Stored data
BEGIN

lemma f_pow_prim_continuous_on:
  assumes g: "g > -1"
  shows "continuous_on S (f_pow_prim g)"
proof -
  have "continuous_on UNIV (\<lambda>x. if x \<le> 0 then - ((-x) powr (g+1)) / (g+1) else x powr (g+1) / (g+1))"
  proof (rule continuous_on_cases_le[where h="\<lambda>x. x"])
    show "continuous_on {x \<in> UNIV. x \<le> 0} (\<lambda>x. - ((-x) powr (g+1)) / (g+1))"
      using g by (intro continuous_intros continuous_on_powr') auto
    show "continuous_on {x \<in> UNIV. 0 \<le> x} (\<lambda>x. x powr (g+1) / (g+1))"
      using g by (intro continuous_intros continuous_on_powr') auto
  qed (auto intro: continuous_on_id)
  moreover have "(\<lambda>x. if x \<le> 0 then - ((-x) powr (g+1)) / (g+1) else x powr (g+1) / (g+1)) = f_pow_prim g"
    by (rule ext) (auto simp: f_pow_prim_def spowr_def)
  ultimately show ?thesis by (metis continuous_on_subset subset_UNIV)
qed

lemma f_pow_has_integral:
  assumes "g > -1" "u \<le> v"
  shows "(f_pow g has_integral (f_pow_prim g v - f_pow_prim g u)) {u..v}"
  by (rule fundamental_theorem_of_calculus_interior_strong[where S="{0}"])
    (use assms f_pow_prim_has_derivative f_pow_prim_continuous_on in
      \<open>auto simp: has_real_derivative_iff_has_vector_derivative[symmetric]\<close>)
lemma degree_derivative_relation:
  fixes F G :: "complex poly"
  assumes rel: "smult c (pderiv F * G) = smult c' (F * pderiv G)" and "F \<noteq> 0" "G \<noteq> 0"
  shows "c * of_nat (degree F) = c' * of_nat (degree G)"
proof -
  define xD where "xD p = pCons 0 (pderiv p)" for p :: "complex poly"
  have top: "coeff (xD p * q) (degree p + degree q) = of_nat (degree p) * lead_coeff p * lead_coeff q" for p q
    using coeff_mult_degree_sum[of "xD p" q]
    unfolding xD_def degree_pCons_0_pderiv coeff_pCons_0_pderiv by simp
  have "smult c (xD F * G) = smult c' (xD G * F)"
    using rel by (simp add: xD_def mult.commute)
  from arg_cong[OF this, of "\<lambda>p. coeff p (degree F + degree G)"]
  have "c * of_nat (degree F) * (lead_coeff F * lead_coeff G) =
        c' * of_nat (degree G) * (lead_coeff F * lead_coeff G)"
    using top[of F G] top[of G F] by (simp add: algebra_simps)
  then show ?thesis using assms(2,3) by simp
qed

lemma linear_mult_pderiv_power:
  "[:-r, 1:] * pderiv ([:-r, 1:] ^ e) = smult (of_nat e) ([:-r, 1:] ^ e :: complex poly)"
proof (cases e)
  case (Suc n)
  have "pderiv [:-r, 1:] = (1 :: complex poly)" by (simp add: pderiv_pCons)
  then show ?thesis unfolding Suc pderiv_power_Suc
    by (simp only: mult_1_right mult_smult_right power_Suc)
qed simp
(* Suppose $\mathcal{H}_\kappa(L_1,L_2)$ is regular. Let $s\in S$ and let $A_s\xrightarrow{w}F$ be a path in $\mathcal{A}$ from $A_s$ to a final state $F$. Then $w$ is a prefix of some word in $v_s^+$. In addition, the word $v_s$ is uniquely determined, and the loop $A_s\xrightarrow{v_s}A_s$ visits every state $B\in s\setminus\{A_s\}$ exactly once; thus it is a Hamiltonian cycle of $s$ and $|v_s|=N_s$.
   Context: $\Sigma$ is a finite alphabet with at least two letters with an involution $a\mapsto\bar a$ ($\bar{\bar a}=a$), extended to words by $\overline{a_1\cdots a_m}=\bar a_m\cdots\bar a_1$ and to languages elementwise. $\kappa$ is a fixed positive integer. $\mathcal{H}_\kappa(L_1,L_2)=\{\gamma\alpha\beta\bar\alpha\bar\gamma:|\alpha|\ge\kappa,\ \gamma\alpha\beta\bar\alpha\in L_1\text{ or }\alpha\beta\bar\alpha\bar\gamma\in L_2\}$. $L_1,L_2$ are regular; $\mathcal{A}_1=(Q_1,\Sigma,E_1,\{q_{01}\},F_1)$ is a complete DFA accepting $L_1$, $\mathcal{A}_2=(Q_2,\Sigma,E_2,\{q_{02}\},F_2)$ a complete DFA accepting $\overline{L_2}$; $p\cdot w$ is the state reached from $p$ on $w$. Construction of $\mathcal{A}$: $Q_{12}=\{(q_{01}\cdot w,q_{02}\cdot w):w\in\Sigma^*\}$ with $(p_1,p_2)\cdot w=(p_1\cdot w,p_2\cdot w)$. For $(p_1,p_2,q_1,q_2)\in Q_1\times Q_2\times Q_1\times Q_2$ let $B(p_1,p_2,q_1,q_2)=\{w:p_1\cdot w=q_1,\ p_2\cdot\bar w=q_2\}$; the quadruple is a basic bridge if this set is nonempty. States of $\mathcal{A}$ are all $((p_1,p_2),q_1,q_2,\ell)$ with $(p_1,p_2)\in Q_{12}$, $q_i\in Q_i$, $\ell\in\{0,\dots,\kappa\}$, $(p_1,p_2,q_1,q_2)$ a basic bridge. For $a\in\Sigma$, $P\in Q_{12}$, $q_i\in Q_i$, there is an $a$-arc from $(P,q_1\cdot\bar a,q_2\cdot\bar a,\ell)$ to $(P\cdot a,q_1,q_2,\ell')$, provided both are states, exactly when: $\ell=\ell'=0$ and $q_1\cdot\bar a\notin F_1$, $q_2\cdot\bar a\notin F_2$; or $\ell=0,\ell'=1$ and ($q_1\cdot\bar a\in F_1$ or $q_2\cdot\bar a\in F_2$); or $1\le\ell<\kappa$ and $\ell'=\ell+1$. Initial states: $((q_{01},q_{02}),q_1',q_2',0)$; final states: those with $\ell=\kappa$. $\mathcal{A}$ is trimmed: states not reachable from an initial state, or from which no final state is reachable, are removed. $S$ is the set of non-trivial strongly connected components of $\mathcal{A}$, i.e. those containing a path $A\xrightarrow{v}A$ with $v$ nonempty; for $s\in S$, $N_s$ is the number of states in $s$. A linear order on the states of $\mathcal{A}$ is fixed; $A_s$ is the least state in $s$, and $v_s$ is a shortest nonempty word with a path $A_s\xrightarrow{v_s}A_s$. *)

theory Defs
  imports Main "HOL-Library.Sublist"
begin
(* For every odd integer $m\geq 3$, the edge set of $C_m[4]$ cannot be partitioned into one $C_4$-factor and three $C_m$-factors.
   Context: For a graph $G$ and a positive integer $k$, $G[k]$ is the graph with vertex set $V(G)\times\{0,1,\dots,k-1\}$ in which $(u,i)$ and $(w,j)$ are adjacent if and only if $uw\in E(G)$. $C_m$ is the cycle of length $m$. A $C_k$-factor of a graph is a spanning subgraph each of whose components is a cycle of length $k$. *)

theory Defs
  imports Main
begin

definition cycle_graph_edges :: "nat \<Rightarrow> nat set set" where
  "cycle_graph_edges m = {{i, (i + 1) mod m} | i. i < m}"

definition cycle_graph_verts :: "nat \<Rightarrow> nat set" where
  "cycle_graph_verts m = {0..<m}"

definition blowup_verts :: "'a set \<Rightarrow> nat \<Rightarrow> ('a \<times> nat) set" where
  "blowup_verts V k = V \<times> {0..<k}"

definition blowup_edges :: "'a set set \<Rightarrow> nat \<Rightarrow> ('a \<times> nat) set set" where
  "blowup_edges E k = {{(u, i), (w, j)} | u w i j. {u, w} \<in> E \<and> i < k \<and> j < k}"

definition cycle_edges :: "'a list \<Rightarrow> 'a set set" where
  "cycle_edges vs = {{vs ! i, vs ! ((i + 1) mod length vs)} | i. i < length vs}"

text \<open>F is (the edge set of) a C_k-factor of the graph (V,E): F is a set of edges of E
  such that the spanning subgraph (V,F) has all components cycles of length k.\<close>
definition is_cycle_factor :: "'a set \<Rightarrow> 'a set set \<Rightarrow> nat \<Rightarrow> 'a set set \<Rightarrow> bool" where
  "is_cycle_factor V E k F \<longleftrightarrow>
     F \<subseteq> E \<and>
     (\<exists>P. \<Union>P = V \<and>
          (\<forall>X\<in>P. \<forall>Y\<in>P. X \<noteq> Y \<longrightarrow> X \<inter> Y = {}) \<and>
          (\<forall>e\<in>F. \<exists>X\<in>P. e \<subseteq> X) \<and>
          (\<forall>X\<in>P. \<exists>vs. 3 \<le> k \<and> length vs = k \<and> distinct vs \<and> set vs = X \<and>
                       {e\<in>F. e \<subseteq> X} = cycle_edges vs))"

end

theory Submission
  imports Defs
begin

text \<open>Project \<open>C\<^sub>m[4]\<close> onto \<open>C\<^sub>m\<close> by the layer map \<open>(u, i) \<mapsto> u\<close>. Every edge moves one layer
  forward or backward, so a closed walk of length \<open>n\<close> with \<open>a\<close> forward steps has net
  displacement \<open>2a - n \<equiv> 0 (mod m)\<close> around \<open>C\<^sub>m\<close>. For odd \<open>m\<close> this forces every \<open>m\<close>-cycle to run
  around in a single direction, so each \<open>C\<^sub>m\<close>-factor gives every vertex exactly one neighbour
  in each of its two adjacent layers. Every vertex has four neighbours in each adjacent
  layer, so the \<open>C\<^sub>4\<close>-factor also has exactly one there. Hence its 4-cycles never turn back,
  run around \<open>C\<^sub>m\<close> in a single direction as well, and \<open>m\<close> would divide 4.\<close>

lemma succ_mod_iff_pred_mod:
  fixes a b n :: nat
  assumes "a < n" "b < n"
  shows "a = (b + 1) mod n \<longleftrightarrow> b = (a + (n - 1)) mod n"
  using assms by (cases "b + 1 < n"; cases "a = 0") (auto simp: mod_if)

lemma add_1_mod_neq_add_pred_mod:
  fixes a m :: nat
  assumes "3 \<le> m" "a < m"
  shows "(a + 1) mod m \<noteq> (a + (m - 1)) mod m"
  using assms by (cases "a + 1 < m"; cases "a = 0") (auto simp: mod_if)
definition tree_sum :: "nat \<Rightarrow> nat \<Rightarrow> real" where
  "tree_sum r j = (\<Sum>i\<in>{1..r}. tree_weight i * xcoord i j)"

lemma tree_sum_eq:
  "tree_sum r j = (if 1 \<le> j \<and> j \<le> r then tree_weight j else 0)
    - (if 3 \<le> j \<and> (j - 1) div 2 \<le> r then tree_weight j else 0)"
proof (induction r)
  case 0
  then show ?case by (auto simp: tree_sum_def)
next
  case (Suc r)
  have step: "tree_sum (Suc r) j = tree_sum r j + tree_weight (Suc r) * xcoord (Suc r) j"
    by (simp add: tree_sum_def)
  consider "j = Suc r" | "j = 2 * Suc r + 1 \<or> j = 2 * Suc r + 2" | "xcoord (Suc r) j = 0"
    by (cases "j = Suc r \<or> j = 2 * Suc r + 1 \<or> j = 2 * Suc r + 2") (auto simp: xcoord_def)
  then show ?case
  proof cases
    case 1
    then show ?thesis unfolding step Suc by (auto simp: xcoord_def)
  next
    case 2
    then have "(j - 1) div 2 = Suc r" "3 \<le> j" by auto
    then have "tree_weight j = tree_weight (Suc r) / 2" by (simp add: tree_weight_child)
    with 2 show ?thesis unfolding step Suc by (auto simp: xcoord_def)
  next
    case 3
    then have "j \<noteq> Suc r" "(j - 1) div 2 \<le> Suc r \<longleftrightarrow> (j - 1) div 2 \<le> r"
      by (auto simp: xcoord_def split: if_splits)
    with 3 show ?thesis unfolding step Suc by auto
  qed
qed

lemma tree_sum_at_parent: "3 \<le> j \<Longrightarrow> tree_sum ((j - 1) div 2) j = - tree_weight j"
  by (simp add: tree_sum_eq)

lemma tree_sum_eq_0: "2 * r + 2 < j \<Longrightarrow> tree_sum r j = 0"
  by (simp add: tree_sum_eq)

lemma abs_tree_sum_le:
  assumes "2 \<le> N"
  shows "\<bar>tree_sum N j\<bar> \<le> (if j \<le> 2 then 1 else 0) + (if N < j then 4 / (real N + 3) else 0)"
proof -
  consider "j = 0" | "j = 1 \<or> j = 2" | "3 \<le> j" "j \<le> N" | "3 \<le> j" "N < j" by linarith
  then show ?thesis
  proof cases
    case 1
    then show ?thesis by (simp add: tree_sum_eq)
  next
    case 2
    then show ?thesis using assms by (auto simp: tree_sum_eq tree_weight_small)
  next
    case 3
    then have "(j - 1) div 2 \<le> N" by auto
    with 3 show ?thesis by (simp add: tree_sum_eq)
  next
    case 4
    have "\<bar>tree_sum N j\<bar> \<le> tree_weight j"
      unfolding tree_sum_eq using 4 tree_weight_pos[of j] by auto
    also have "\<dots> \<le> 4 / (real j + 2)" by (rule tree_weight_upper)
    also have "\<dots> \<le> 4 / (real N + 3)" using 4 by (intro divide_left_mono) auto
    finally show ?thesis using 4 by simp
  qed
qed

END

**Exercise prompt**
Copy every line above that holds the word "complex".

**Reply**
  fixes F G :: "complex poly"
  define xD where "xD p = pCons 0 (pderiv p)" for p :: "complex poly"
  "[:-r, 1:] * pderiv ([:-r, 1:] ^ e) = smult (of_nat e) ([:-r, 1:] ^ e :: complex poly)"
  have "pderiv [:-r, 1:] = (1 :: complex poly)" by (simp add: pderiv_pCons)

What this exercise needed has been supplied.